(Task to carry out) The word "every" marks the lines you need; copy each of them from the data.

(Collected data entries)
--
(* Let $m,n$ be natural numbers. If the $n$-th term $G(n,m)$ of the Goodstein sequence $G(m)$ is $0$, then $n=2(2n_2+1)$ for some natural number $n_2$ such that the hereditary representation of $G(n_2-1,m)$ in base $n_2$ is $2\cdot n_2^{1}+0\cdot n_2^{0}$.
   Context: For a natural number base $b>1$, the hereditary representation $m\langle b\rangle$ of $m$ is $\sum_{i=0}^{l} a_i b^{i}$ with $0\le a_i<b$, $a_l\ne0$, each exponent itself written in hereditary representation in base $b$, recursively. $m\langle b\rangle''$ is obtained by syntactically replacing every $b$ by $b+1$ in $m\langle b\rangle$. The Goodstein sequence $G(m)=\{m, m''-1, (m''-1)''-1,\dots\}$ starts from $m$ in base $2$; its $n$-th term is $G(n,m)$, with $G(1,m)=m$ in base $2$, $G(k,m)$ written in base $k+1$, and $G(k+1,m)=G(k,m)\langle k+1\rangle''-1$.
   Formalization: m is at least 4, and n is the first index at which the Goodstein sequence reaches 0, that is, $G(k,m) \ne 0$ for every $1 \le k < n$. Apart from conventions, each condition added here is assumed in the paper as well or is needed for the statement above to hold. *)

theory Defs
  imports Main
begin

fun digits :: "nat \<Rightarrow> nat \<Rightarrow> nat list" where
  "digits b m = (if m = 0 \<or> b < 2 then [] else (m mod b) # digits b (m div b))"

lemma length_digits_le: "length (digits b m) \<le> m"
proof (induction b m rule: digits.induct)
  case (1 b m)
  show ?case
  proof (cases "m = 0 \<or> b < 2")
    case True then show ?thesis by simp
  next
    case False
    then have "m div b < m" by simp
    with 1 False show ?thesis by simp
  qed
qed

text \<open>Hereditary representation: a node is the list of pairs (a_i, exponent i in
hereditary representation), for i = 0..l.\<close>
datatype hrep = HSum "(nat \<times> hrep) list"

function hrep_of :: "nat \<Rightarrow> nat \<Rightarrow> hrep" where
  "hrep_of b m = HSum (map (\<lambda>i. (digits b m ! i, hrep_of b i)) [0..<length (digits b m)])"
  by auto
termination
proof (relation "measure snd")
  show "wf (measure snd)" by simp
next
  fix b m i
  assume "i \<in> set [0..<length (digits b m)]"
  then have "i < length (digits b m)" by simp
  also have "\<dots> \<le> m" by (rule length_digits_le)
  finally show "((b, i), (b, m)) \<in> measure snd" by simp
qed

text \<open>Evaluate a hereditary representation with base c (syntactic replacement of b by c).\<close>
fun heval :: "nat \<Rightarrow> hrep \<Rightarrow> nat" where
  "heval c (HSum xs) = sum_list (map (\<lambda>(a, e). a * c ^ heval c e) xs)"

definition bump :: "nat \<Rightarrow> nat \<Rightarrow> nat" where
  "bump b m = heval (b + 1) (hrep_of b m)"

text \<open>Goodstein sequence, 1-indexed: goodstein 1 m = m; G(k,m) is written in base k+1 and
G(k+1,m) = G(k,m)<k+1>'' - 1. Index 0 is junk (= m). Natural-number subtraction means
the sequence stays 0 once it reaches 0.\<close>
fun goodstein :: "nat \<Rightarrow> nat \<Rightarrow> nat" where
  "goodstein 0 m = m"
| "goodstein (Suc 0) m = m"
| "goodstein (Suc (Suc k)) m = bump (k + 2) (goodstein (Suc k) m) - 1"

end

theory Submission
  imports Defs
begin

(* Below the square of its base, a term of the sequence is an ordinary two-digit numeral and a
   Goodstein step is plain arithmetic on the two digits; at or above the square, bumping a number
   of at least b^2 still gives at least (b+1)^2.  Since the sequence reaches 0, it enters the
   two-digit region at some index K exactly at (K+1)^2 - 1, with digits (K, K) in base K+1.
   From a(k+1) + c the units digit counts down while the base grows; at c = 0 a borrow gives
   (a-1)(k+2) + (k+1), so leading digit a with zero units at index k becomes leading digit a-1
   with zero units at index 2k+2.  Iterating brings the leading digit down to 2 at some index j,
   G(j) = 2(j+1), and the remaining countdown ends exactly at index 4j+6 = 2(2(j+1)+1). *)

declare digits.simps [simp del] hrep_of.simps [simp del]

lemma digits_0 [simp]: "digits b 0 = []"
  by (simp add: digits.simps)

lemma digits_Cons: "m \<noteq> 0 \<Longrightarrow> 2 \<le> b \<Longrightarrow> digits b m = m mod b # digits b (m div b)"
  by (simp add: digits.simps)

lemma digits_one_digit: "0 < c \<Longrightarrow> c < b \<Longrightarrow> digits b c = [c]"
  by (simp add: digits_Cons)

lemma digits_two_digits:
  assumes "0 < a" "a < b" "c < b"
  shows "digits b (a * b + c) = [c, a]"
proof -
  have "(a * b + c) mod b = c" "(a * b + c) div b = a"
    using assms by auto
  then show ?thesis
    using assms by (simp add: digits_Cons digits_one_digit)
qed

lemma horner_sum_digits: "2 \<le> b \<Longrightarrow> horner_sum (\<lambda>d. d) b (digits b v) = v"
proof (induction b v rule: digits.induct)
  case (1 b v)
  then show ?case
    by (cases "v = 0") (simp_all add: digits_Cons)
qed

lemma horner_sum_mono_base:
  "b \<le> c \<Longrightarrow> horner_sum (\<lambda>d. d) b ds \<le> horner_sum (\<lambda>d. d) c (ds :: nat list)"
  by (induction ds) (auto intro: add_mono mult_le_mono)

lemma power_le_horner_sum_digits:
  "2 \<le> b \<Longrightarrow> 1 \<le> c \<Longrightarrow> b ^ e \<le> v \<Longrightarrow>
    c ^ e \<le> horner_sum (\<lambda>d. d) c (digits b v)"
proof (induction b v arbitrary: e rule: digits.induct)
  case (1 b v)
  have "0 < b ^ e" using "1.prems"(1) by simp
  then have "v \<noteq> 0" using "1.prems"(3) by linarith
  then have horner_v: "horner_sum (\<lambda>d. d) c (digits b v)
      = v mod b + c * horner_sum (\<lambda>d. d) c (digits b (v div b))"
    using "1.prems"(1) by (simp add: digits_Cons)
  show ?case
  proof (cases e)
    case 0
    show ?thesis
    proof (cases "v div b = 0")
      case True
      then have "v mod b = v" using "1.prems"(1) by (simp add: div_eq_0_iff)
      with \<open>v \<noteq> 0\<close> show ?thesis using horner_v 0 by simp
    next
      case False
      then have "1 \<le> horner_sum (\<lambda>d. d) c (digits b (v div b))"
        using "1.IH"[of 0] \<open>v \<noteq> 0\<close> "1.prems"(1,2) by simp
      then have "1 \<le> c * horner_sum (\<lambda>d. d) c (digits b (v div b))"
        using "1.prems"(2) by simp
      then show ?thesis unfolding horner_v 0 power_0 by linarith
    qed
  next
    case (Suc e')
    have "b ^ e' * b \<le> v" using "1.prems"(3) Suc by (simp add: mult.commute)
    then have "b ^ e' \<le> v div b" using "1.prems"(1) by (simp add: less_eq_div_iff_mult_less_eq)
    then have "c ^ e' \<le> horner_sum (\<lambda>d. d) c (digits b (v div b))"
      using "1.IH" \<open>v \<noteq> 0\<close> "1.prems"(1,2) by simp
    then have "c * c ^ e' \<le> c * horner_sum (\<lambda>d. d) c (digits b (v div b))"
      by (rule mult_le_mono2)
    then show ?thesis unfolding horner_v Suc power_Suc by linarith
  qed
qed

lemma bump_eq_sum:
  "bump b v = (\<Sum>i = 0..<length (digits b v). digits b v ! i * (b + 1) ^ bump b i)"
  unfolding bump_def by (subst hrep_of.simps) (simp add: comp_def sum_list_sum_nth)

lemma bump_0 [simp]: "bump b 0 = 0"
  by (subst bump_eq_sum) simp

lemma horner_sum_le_bump:
  assumes "\<forall>i < length (digits b v). i \<le> bump b i"
  shows "horner_sum (\<lambda>d. d) (b + 1) (digits b v) \<le> bump b v"
  unfolding bump_eq_sum[of b v] horner_sum_eq_sum
  using assms by (intro sum_mono mult_le_mono2 power_increasing) auto

lemma le_bump: "2 \<le> b \<Longrightarrow> v \<le> bump b v"
proof (induction v rule: less_induct)
  case (less v)
  have "\<forall>i < length (digits b v). i \<le> bump b i"
    using less length_digits_le[of b v] by simp
  then have "horner_sum (\<lambda>d. d) (b + 1) (digits b v) \<le> bump b v"
    by (rule horner_sum_le_bump)
  moreover have "v \<le> horner_sum (\<lambda>d. d) (b + 1) (digits b v)"
    using horner_sum_mono_base[of b "b + 1" "digits b v"] horner_sum_digits[of b v] less.prems
    by simp
  ultimately show ?case by simp
qed

lemma power_le_bump:
  assumes "2 \<le> b" "b ^ e \<le> v"
  shows "(b + 1) ^ e \<le> bump b v"
proof -
  have "(b + 1) ^ e \<le> horner_sum (\<lambda>d. d) (b + 1) (digits b v)"
    using assms by (intro power_le_horner_sum_digits) simp_all
  also have "\<dots> \<le> bump b v"
    using assms(1) le_bump by (intro horner_sum_le_bump) blast
  finally show ?thesis .
qed

lemma bump_one_digit: "c < b \<Longrightarrow> bump b c = c"
  by (cases "c = 0") (simp_all add: bump_eq_sum[of b c] digits_one_digit)

lemma bump_two_digits:
  assumes "2 \<le> b" "a < b" "c < b"
  shows "bump b (a * b + c) = a * (b + 1) + c"
proof (cases "a = 0")
  case True
  then show ?thesis using assms(3) by (simp add: bump_one_digit)
next
  case False
  have "bump b 1 = 1" using assms(1) by (simp add: bump_one_digit)
  moreover have "{0..<length [c, a]} = {0, 1}" by auto
  ultimately show ?thesis
    using False assms by (simp add: bump_eq_sum[of b "a * b + c"] digits_two_digits)
qed

lemma hrep_of_two_digits:
  assumes "0 < a" "a < b" "c < b"
  shows "hrep_of b (a * b + c) = HSum [(c, hrep_of b 0), (a, hrep_of b 1)]"
  using assms by (subst hrep_of.simps) (simp add: digits_two_digits upt_rec)

lemma goodstein_Suc: "1 \<le> k \<Longrightarrow> goodstein (Suc k) m = bump (Suc k) (goodstein k m) - 1"
  by (cases k) simp_all

declare goodstein.simps(3) [simp del]

lemma goodstein_zero_stays:
  assumes "1 \<le> k" "goodstein k m = 0" "k \<le> l"
  shows "goodstein l m = 0"
  using assms(3)
proof (induction l rule: dec_induct)
  case base
  then show ?case using assms(2) .
next
  case (step l)
  then show ?case using assms(1) by (simp add: goodstein_Suc)
qed

lemma goodstein_square_bound:
  assumes "1 \<le> k" "(k + 1) ^ 2 \<le> goodstein k m"
  shows "(k + 2) ^ 2 - 1 \<le> goodstein (Suc k) m"
  using power_le_bump[of "k + 1" 2 "goodstein k m"] assms by (simp add: goodstein_Suc)

lemma goodstein_enters_two_digits:
  assumes "4 \<le> m" "goodstein n m = 0"
  shows "\<exists>K \<ge> 2. goodstein K m = K * (K + 1) + K"
proof -
  define below where "below i \<longleftrightarrow> goodstein (i + 1) m < (i + 2) ^ 2" for i
  have "n \<noteq> 0" using assms by (cases n) simp_all
  then have "below (n - 1)" using assms(2) by (simp add: below_def)
  moreover have "\<not> below 0" using assms(1) by (simp add: below_def power2_eq_square)
  ultimately obtain k where "\<not> below k" "below (Suc k)"
    using ex_least_nat_less[of below] by blast
  then have "(k + 2) ^ 2 \<le> goodstein (k + 1) m" "goodstein (k + 2) m < (k + 3) ^ 2"
    by (simp_all add: below_def eval_nat_numeral)
  then have "goodstein (k + 2) m = (k + 3) ^ 2 - 1"
    using goodstein_square_bound[of "k + 1" m] by (simp add: numeral_eq_Suc)
  then have "goodstein (k + 2) m = (k + 2) * (k + 2 + 1) + (k + 2)"
    by (simp add: power2_eq_square algebra_simps)
  then show ?thesis by (intro exI[of _ "k + 2"]) simp
qed

lemma goodstein_countdown:
  assumes "1 \<le> k" "goodstein k m = a * (k + 1) + (c + d)" "a < k + 1" "c + d < k + 1"
  shows "goodstein (k + d) m = a * (k + 1 + d) + c"
  using assms(2,4)
proof (induction d arbitrary: c)
  case 0
  then show ?case by simp
next
  case (Suc d)
  then have "goodstein (k + d) m = a * Suc (k + d) + Suc c"
    using Suc.IH[of "Suc c"] by simp
  moreover have "bump (Suc (k + d)) (a * Suc (k + d) + Suc c) = a * (Suc (k + d) + 1) + Suc c"
    using assms(1,3) Suc.prems(2) by (intro bump_two_digits) simp_all
  ultimately show ?case
    using assms(1) by (simp add: goodstein_Suc)
qed

lemma goodstein_borrow_countdown:
  assumes "1 \<le> k" "goodstein k m = a * (k + 1)" "0 < a" "a \<le> k" "c + d = k + 1"
  shows "goodstein (k + 1 + d) m = (a - 1) * (k + 2 + d) + c"
proof -
  have "goodstein (k + 1) m = a * (k + 2) - 1"
    using assms(1-4) bump_two_digits[of "k + 1" a 0] by (simp add: goodstein_Suc)
  also have "\<dots> = (a - 1) * (k + 1 + 1) + (c + d)"
    using assms(3,5) by (cases a) simp_all
  finally show ?thesis
    using assms goodstein_countdown[of "k + 1" m "a - 1" c d] by (simp add: add.assoc)
qed

lemma goodstein_lead_digit_decrease:
  assumes "1 \<le> k" "goodstein k m = a * (k + 1)" "0 < a" "a \<le> k"
  shows "goodstein (2 * k + 2) m = (a - 1) * (2 * k + 3)"
proof -
  have "goodstein (k + 1 + (k + 1)) m = (a - 1) * (k + 2 + (k + 1)) + 0"
    using assms by (intro goodstein_borrow_countdown) simp_all
  moreover have "k + 1 + (k + 1) = 2 * k + 2" "k + 2 + (k + 1) = 2 * k + 3"
    by simp_all
  ultimately show ?thesis by (metis add.right_neutral)
qed

lemma goodstein_reaches_lead_digit:
  assumes "1 \<le> k" "goodstein k m = a * (k + 1)" "a \<le> k" "0 < a'" "a' \<le> a"
  shows "\<exists>j \<ge> k. goodstein j m = a' * (j + 1)"
  using assms
proof (induction a arbitrary: k)
  case 0
  then show ?case by simp
next
  case (Suc a)
  show ?case
  proof (cases "a' = Suc a")
    case True
    then show ?thesis using Suc.prems(2) by blast
  next
    case False
    have decreased: "goodstein (2 * k + 2) m = a * (2 * k + 2 + 1)"
      using goodstein_lead_digit_decrease[of k m "Suc a"] Suc.prems by (simp add: algebra_simps)
    obtain j where "2 * k + 2 \<le> j" "goodstein j m = a' * (j + 1)"
      using Suc.IH[of "2 * k + 2", OF _ decreased] Suc.prems False by auto
    then show ?thesis by (intro exI[of _ j]) simp
  qed
qed

lemma goodstein_last_countdown:
  assumes "2 \<le> k" "goodstein k m = 2 * (k + 1)"
  shows "goodstein (4 * k + 5) m = 1" and "goodstein (4 * k + 6) m = 0"
proof -
  have "goodstein (2 * k + 2) m = 1 * (2 * k + 2 + 1)"
    using goodstein_lead_digit_decrease[of k m 2] assms by simp
  then have countdown: "goodstein i m = c" if "i = 2 * k + 2 + 1 + d" "c + d = 2 * k + 3" for i c d
    using goodstein_borrow_countdown[of "2 * k + 2" m 1 c d] that by simp
  show "goodstein (4 * k + 5) m = 1"
    by (rule countdown[where d = "2 * k + 2"]) simp_all
  show "goodstein (4 * k + 6) m = 0"
    by (rule countdown[where d = "2 * k + 3"]) simp_all
qed

lemma goodstein_first_zero:
  assumes "1 \<le> n" "goodstein n m = 0" "\<forall>k. 1 \<le> k \<and> k < n \<longrightarrow> goodstein k m \<noteq> 0"
    and "1 \<le> l" "goodstein l m \<noteq> 0" "goodstein (l + 1) m = 0"
  shows "n = l + 1"
proof (rule antisym)
  show "n \<le> l + 1"
    using assms(3)[rule_format, of "l + 1"] assms(4,6) by (cases "n \<le> l + 1") auto
  show "l + 1 \<le> n"
    using goodstein_zero_stays[of n m l] assms(1,2,5) by (cases "l + 1 \<le> n") auto
qed

theorem lemma7:
  fixes m n :: nat
  assumes "4 \<le> m"
    and "1 \<le> n"
    and "goodstein n m = 0"
    and "\<forall>k. 1 \<le> k \<and> k < n \<longrightarrow> goodstein k m \<noteq> 0"
  shows "\<exists>n2. 2 \<le> n2 \<and> n = 2 * (2 * n2 + 1) \<and>
           hrep_of n2 (goodstein (n2 - 1) m) = HSum [(0, hrep_of n2 0), (2, hrep_of n2 1)]"
proof -
  obtain K where K: "2 \<le> K" "goodstein K m = K * (K + 1) + K"
    using goodstein_enters_two_digits assms(1,3) by blast
  then have "goodstein (K + K) m = K * (K + 1 + K) + 0"
    by (intro goodstein_countdown) simp_all
  then have "goodstein (2 * K) m = K * (2 * K + 1)"
    by (simp add: mult_2 mult_2_right algebra_simps)
  then obtain j where j: "2 * K \<le> j" "goodstein j m = 2 * (j + 1)"
    using goodstein_reaches_lead_digit[of "2 * K" m K 2] K(1) by auto
  then have "n = 4 * j + 5 + 1"
    using goodstein_last_countdown[of j m] K(1)
    by (intro goodstein_first_zero[OF assms(2-4)]) (simp_all add: ac_simps)
  moreover have "hrep_of (j + 1) (goodstein j m) = HSum [(0, hrep_of (j + 1) 0), (2, hrep_of (j + 1) 1)]"
    using hrep_of_two_digits[of 2 "j + 1" 0] j K(1) by simp
  ultimately show ?thesis using j K(1) by (intro exI[of _ "j + 1"]) simp
qed

end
--
(Your solution)
   Context: For a natural number base $b>1$, the hereditary representation $m\langle b\rangle$ of $m$ is $\sum_{i=0}^{l} a_i b^{i}$ with $0\le a_i<b$, $a_l\ne0$, each exponent itself written in hereditary representation in base $b$, recursively. $m\langle b\rangle''$ is obtained by syntactically replacing every $b$ by $b+1$ in $m\langle b\rangle$. The Goodstein sequence $G(m)=\{m, m''-1, (m''-1)''-1,\dots\}$ starts from $m$ in base $2$; its $n$-th term is $G(n,m)$, with $G(1,m)=m$ in base $2$, $G(k,m)$ written in base $k+1$, and $G(k+1,m)=G(k,m)\langle k+1\rangle''-1$.
   Formalization: m is at least 4, and n is the first index at which the Goodstein sequence reaches 0, that is, $G(k,m) \ne 0$ for every $1 \le k < n$. Apart from conventions, each condition added here is assumed in the paper as well or is needed for the statement above to hold. *)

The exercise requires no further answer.